> [Exercise prompt] Read through the lines below and copy the ones holding the string "longrightarrow".

> [Data in this exercise]
::::

(* Let Assumptions 1 and 2 hold and let $K<\mu<1$. There exists a constant $c_\mu>0$ such that, for every $\delta\in(0,K)$, if $x^{(0)}\in U\cap\Sigma$ satisfies $0<\|r^{(0)}\|_2\le c_\mu\delta^2$ and one runs version P of the adaptive-depth Anderson–Pulay acceleration with parameter $\delta$ (or version A when $\Sigma=\mathbb{R}^n$), then the sequences $(x^{(k)})$, $(r^{(k)})$ are well defined and, as long as $r^{(k)}\neq0$: $$m_k\le\min(k,p),\qquad \|c^{(k)}\|_\infty\le C_{m_k}\Big(1+\Big(\frac{\mu}{1-\mu}\Big)^{m_k}\Big),\qquad \|r^{(k+1)}\|_2\le\mu\|r^{(k)}\|_2,$$ where $C_{m_k}>0$ depends only on $m_k$; in particular the method is locally q-linearly convergent. Moreover, if $k-m_k\ge1$, then $\|r^{(k)}\|_2\le\delta\|r^{(k-m_k-1)}\|_2$.
   Context: All norms $\|\cdot\|_2$ are Euclidean. Let $n,p\ge1$ be integers, $\Sigma$ a smooth submanifold of $\mathbb{R}^n$, $V\subset\mathbb{R}^n$ open, $f\in\mathscr{C}^2(V,\mathbb{R}^p)$, $g\in\mathscr{C}^2(V,\Sigma)$, and $x_*\in V\cap\Sigma$ with $g(x_* )=x_*$, $f(x_* )=0$. Assumption 1: there is $K\in(0,1)$ with $\|f(g(x))\|_2\le K\|f(x)\|_2$ for all $x\in V\cap g^{-1}(V)\cap\Sigma$. Assumption 2: there is $\sigma>0$ with $\sigma\|x-x_*\|_2\le\|f(x)\|_2$ for all $x\in V\cap\Sigma$. $U\subset V\cap g^{-1}(V)$ is a fixed open neighbourhood of $x_*$ such that: (i) for all $x,y\in U$, $\|f(x)-f(y)\|_2\le 2\|\mathrm{D}f(x_* )\|_2\|x-y\|_2$ and $\|f(g(x))-f(g(y))\|_2\le 2\|\mathrm{D}f(x_* )\circ \mathrm{D}g(x_* )\|_2\|x-y\|_2$; (ii) there are $L,L'>0$ with $\|f(x)-\mathrm{D}f(x_* )(x-x_* )\|_2\le\frac L2\|x-x_*\|_2^2$ and $\|g(x)-x_*-\mathrm{D}g(x_* )(x-x_* )\|_2\le\frac{L'}2\|x-x_*\|_2^2$ on $U$; (iii) $U$ is a tubular neighbourhood of $\Sigma\cap U$ on which the nearest-point projection $P_\Sigma$ onto $\Sigma$ is well defined and smooth, and for some $M>0$, $\|P_\Sigma(x)-(x_*+P_{T_{x_*}\Sigma}(x-x_* ))\|_2\le\frac M2\|x-x_*\|_2^2$ on $U$ ($P_{T_{x_*}\Sigma}$ the orthogonal projector onto the tangent space at $x_*$). Adaptive-depth Anderson–Pulay acceleration with parameter $\delta>0$: given $x^{(0)}$, set $r^{(0)}=f(x^{(0)})$, $m_0=0$. At step $k$: if $m_k=0$, set $c^{(k)}=(1)$ and $x^{(k+1)}=g(x^{(k)})$; otherwise let $c^{(k)}=(c^{(k)}_0,\dots,c^{(k)}_{m_k})$ minimise $\|\sum_{i=0}^{m_k}c_i r^{(k-m_k+i)}\|_2$ subject to $\sum_i c_i=1$, and set $x^{(k+1)}=g\big(\sum_{i=0}^{m_k}c^{(k)}_i x^{(k-m_k+i)}\big)$ (version P) or $x^{(k+1)}=\sum_{i=0}^{m_k}c^{(k)}_i g(x^{(k-m_k+i)})$ (version A, used only when $\Sigma=\mathbb{R}^n$). Then $r^{(k+1)}=f(x^{(k+1)})$ and $m_{k+1}$ is the largest integer $m\le m_k+1$ such that $\delta\|r^{(i)}\|_2<\|r^{(k+1)}\|_2$ for all $i$ with $k+1-m\le i\le k$. Convention: if $r^{(k_{\rm stop})}=0$ for some $k_{\rm stop}$, then $x^{(k)}=x^{(k_{\rm stop})}$, $r^{(k)}=0$, $m_k=0$ for all $k\ge k_{\rm stop}$. *)

theory Defs
  imports "HOL-Analysis.Analysis"
begin

fun iter_dd :: "('a::real_normed_vector \<Rightarrow> 'b::real_normed_vector) \<Rightarrow> 'a list \<Rightarrow> 'a \<Rightarrow> 'b" where
  "iter_dd h [] = h"
| "iter_dd h (v # vs) = (\<lambda>x. frechet_derivative (iter_dd h vs) (at x) v)"

definition C_k_on :: "nat \<Rightarrow> 'a::real_normed_vector set \<Rightarrow> ('a \<Rightarrow> 'b::real_normed_vector) \<Rightarrow> bool" where
  "C_k_on k S h \<longleftrightarrow>
     (\<forall>vs. length vs < k \<longrightarrow> (\<forall>x\<in>S. iter_dd h vs differentiable (at x))) \<and>
     (\<forall>vs. length vs = k \<longrightarrow> continuous_on S (iter_dd h vs))"

definition smooth_on :: "'a::real_normed_vector set \<Rightarrow> ('a \<Rightarrow> 'b::real_normed_vector) \<Rightarrow> bool" where
  "smooth_on S h \<longleftrightarrow> (\<forall>k. C_k_on k S h)"

definition is_smooth_submanifold :: "'a::euclidean_space set \<Rightarrow> bool" where
  "is_smooth_submanifold \<Sigma> \<longleftrightarrow>
     (\<forall>a\<in>\<Sigma>. \<exists>W (\<phi>::'a \<Rightarrow> 'a) \<psi> T.
        open W \<and> a \<in> W \<and> open (\<phi> ` W) \<and> smooth_on W \<phi> \<and> smooth_on (\<phi> ` W) \<psi> \<and>
        (\<forall>x\<in>W. \<psi> (\<phi> x) = x) \<and> subspace T \<and> \<phi> ` (W \<inter> \<Sigma>) = \<phi> ` W \<inter> T)"

definition tangent_space :: "'a::euclidean_space set \<Rightarrow> 'a \<Rightarrow> 'a set" where
  "tangent_space \<Sigma> a = {v. \<exists>\<gamma>::real \<Rightarrow> 'a. \<gamma> 0 = a \<and> (\<exists>e>0. \<forall>t. \<bar>t\<bar> < e \<longrightarrow> \<gamma> t \<in> \<Sigma>) \<and>
                                  (\<gamma> has_vector_derivative v) (at 0)}"

definition is_LS_min :: "(nat \<Rightarrow> 'b::real_normed_vector) \<Rightarrow> nat \<Rightarrow> nat \<Rightarrow> (nat \<Rightarrow> real) \<Rightarrow> bool" where
  "is_LS_min r k mk d \<longleftrightarrow>
     (\<Sum>i\<le>mk. d i) = 1 \<and>
     (\<forall>e. (\<Sum>i\<le>mk. e i) = 1 \<longrightarrow>
        norm (\<Sum>i\<le>mk. d i *\<^sub>R r (k - mk + i)) \<le> norm (\<Sum>i\<le>mk. e i *\<^sub>R r (k - mk + i)))"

::::

> [Result]
     (\<forall>vs. length vs < k \<longrightarrow> (\<forall>x\<in>S. iter_dd h vs differentiable (at x))) \<and>
     (\<forall>vs. length vs = k \<longrightarrow> continuous_on S (iter_dd h vs))"
  "tangent_space \<Sigma> a = {v. \<exists>\<gamma>::real \<Rightarrow> 'a. \<gamma> 0 = a \<and> (\<exists>e>0. \<forall>t. \<bar>t\<bar> < e \<longrightarrow> \<gamma> t \<in> \<Sigma>) \<and>
     (\<forall>e. (\<Sum>i\<le>mk. e i) = 1 \<longrightarrow>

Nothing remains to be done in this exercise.